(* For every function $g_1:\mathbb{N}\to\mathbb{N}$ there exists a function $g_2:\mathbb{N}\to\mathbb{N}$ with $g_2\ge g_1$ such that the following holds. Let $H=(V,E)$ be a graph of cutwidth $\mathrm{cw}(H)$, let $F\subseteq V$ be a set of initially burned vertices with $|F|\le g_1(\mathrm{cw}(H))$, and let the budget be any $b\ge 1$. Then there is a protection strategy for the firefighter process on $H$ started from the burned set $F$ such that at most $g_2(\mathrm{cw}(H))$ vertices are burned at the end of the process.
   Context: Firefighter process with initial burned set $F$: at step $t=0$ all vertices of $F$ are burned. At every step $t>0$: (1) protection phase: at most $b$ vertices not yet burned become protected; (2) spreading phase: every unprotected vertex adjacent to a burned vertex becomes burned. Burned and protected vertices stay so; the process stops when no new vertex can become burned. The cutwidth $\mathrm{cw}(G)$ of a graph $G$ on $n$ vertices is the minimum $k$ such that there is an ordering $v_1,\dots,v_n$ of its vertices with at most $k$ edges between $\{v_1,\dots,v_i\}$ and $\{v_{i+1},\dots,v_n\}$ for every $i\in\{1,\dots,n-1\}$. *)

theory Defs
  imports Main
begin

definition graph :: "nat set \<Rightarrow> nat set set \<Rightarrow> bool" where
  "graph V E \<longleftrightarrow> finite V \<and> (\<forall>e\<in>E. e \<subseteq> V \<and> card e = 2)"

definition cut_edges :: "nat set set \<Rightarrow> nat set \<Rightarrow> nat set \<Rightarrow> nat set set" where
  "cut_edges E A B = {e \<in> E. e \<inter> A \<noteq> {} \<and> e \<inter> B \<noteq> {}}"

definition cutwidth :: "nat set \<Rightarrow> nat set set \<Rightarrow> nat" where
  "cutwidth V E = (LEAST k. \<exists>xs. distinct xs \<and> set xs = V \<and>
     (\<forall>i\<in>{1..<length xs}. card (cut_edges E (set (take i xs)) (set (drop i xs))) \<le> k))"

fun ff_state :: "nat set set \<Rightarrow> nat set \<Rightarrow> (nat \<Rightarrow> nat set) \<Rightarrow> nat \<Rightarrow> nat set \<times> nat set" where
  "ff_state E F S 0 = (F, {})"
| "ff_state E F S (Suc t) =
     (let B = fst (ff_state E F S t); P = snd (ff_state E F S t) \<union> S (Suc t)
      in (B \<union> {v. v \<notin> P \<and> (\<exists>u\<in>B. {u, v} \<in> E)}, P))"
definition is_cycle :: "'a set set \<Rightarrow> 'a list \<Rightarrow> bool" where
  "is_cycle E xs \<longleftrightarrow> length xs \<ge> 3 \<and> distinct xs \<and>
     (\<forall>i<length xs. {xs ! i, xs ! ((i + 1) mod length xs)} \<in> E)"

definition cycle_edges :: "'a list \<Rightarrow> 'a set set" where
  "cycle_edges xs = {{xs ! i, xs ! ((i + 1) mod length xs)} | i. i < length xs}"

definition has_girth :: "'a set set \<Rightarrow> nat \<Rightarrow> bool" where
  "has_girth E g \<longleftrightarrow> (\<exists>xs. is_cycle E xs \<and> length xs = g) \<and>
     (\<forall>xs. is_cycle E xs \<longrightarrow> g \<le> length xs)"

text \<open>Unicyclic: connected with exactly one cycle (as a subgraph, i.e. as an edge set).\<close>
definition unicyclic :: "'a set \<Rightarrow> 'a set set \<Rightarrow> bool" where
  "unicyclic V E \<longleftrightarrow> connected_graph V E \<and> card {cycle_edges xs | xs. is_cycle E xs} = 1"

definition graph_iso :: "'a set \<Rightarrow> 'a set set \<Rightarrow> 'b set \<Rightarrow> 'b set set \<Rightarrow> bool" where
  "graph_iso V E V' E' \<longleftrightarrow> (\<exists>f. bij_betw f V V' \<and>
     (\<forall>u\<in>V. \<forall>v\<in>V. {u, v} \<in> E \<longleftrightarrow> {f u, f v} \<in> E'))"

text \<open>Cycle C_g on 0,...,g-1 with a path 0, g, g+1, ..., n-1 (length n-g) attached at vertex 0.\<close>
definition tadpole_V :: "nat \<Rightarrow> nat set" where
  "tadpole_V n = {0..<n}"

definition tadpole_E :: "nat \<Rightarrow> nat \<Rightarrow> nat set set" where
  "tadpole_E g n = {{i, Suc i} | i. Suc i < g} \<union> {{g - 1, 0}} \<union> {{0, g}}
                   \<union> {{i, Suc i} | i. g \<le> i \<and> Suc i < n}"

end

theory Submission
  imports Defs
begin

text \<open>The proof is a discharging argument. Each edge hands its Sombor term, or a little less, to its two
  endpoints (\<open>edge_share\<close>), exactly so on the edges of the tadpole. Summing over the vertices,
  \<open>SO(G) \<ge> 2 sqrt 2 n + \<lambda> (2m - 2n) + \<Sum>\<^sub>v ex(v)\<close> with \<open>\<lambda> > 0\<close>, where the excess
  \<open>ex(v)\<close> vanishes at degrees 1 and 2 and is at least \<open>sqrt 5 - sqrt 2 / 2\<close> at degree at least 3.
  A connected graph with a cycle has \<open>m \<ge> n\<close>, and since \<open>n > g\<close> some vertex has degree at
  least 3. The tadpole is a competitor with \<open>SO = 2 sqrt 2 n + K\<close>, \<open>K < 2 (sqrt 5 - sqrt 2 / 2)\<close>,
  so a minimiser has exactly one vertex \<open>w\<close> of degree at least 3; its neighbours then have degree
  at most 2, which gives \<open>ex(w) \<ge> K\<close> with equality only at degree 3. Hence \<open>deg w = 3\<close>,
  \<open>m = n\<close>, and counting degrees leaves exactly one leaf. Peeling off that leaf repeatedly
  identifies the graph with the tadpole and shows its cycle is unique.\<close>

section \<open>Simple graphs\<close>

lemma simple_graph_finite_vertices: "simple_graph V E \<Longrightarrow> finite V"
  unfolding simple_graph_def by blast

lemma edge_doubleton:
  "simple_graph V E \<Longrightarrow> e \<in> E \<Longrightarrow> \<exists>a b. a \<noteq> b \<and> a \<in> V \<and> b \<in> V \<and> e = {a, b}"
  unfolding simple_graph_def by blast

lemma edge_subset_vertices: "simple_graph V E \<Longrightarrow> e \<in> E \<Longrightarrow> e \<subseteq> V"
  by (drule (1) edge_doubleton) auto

• Problem to work on:
The range runs from the line above containing "endpoints (\<open>edge_share\<close>), exactly" to the line containing "least 3. The", inclusive. Restate those lines word for word and no others.

• Solved problem:
  endpoints (\<open>edge_share\<close>), exactly so on the edges of the tadpole. Summing over the vertices,
  \<open>SO(G) \<ge> 2 sqrt 2 n + \<lambda> (2m - 2n) + \<Sum>\<^sub>v ex(v)\<close> with \<open>\<lambda> > 0\<close>, where the excess
  \<open>ex(v)\<close> vanishes at degrees 1 and 2 and is at least \<open>sqrt 5 - sqrt 2 / 2\<close> at degree at least 3.
  A connected graph with a cycle has \<open>m \<ge> n\<close>, and since \<open>n > g\<close> some vertex has degree at
  least 3. The tadpole is a competitor with \<open>SO = 2 sqrt 2 n + K\<close>, \<open>K < 2 (sqrt 5 - sqrt 2 / 2)\<close>,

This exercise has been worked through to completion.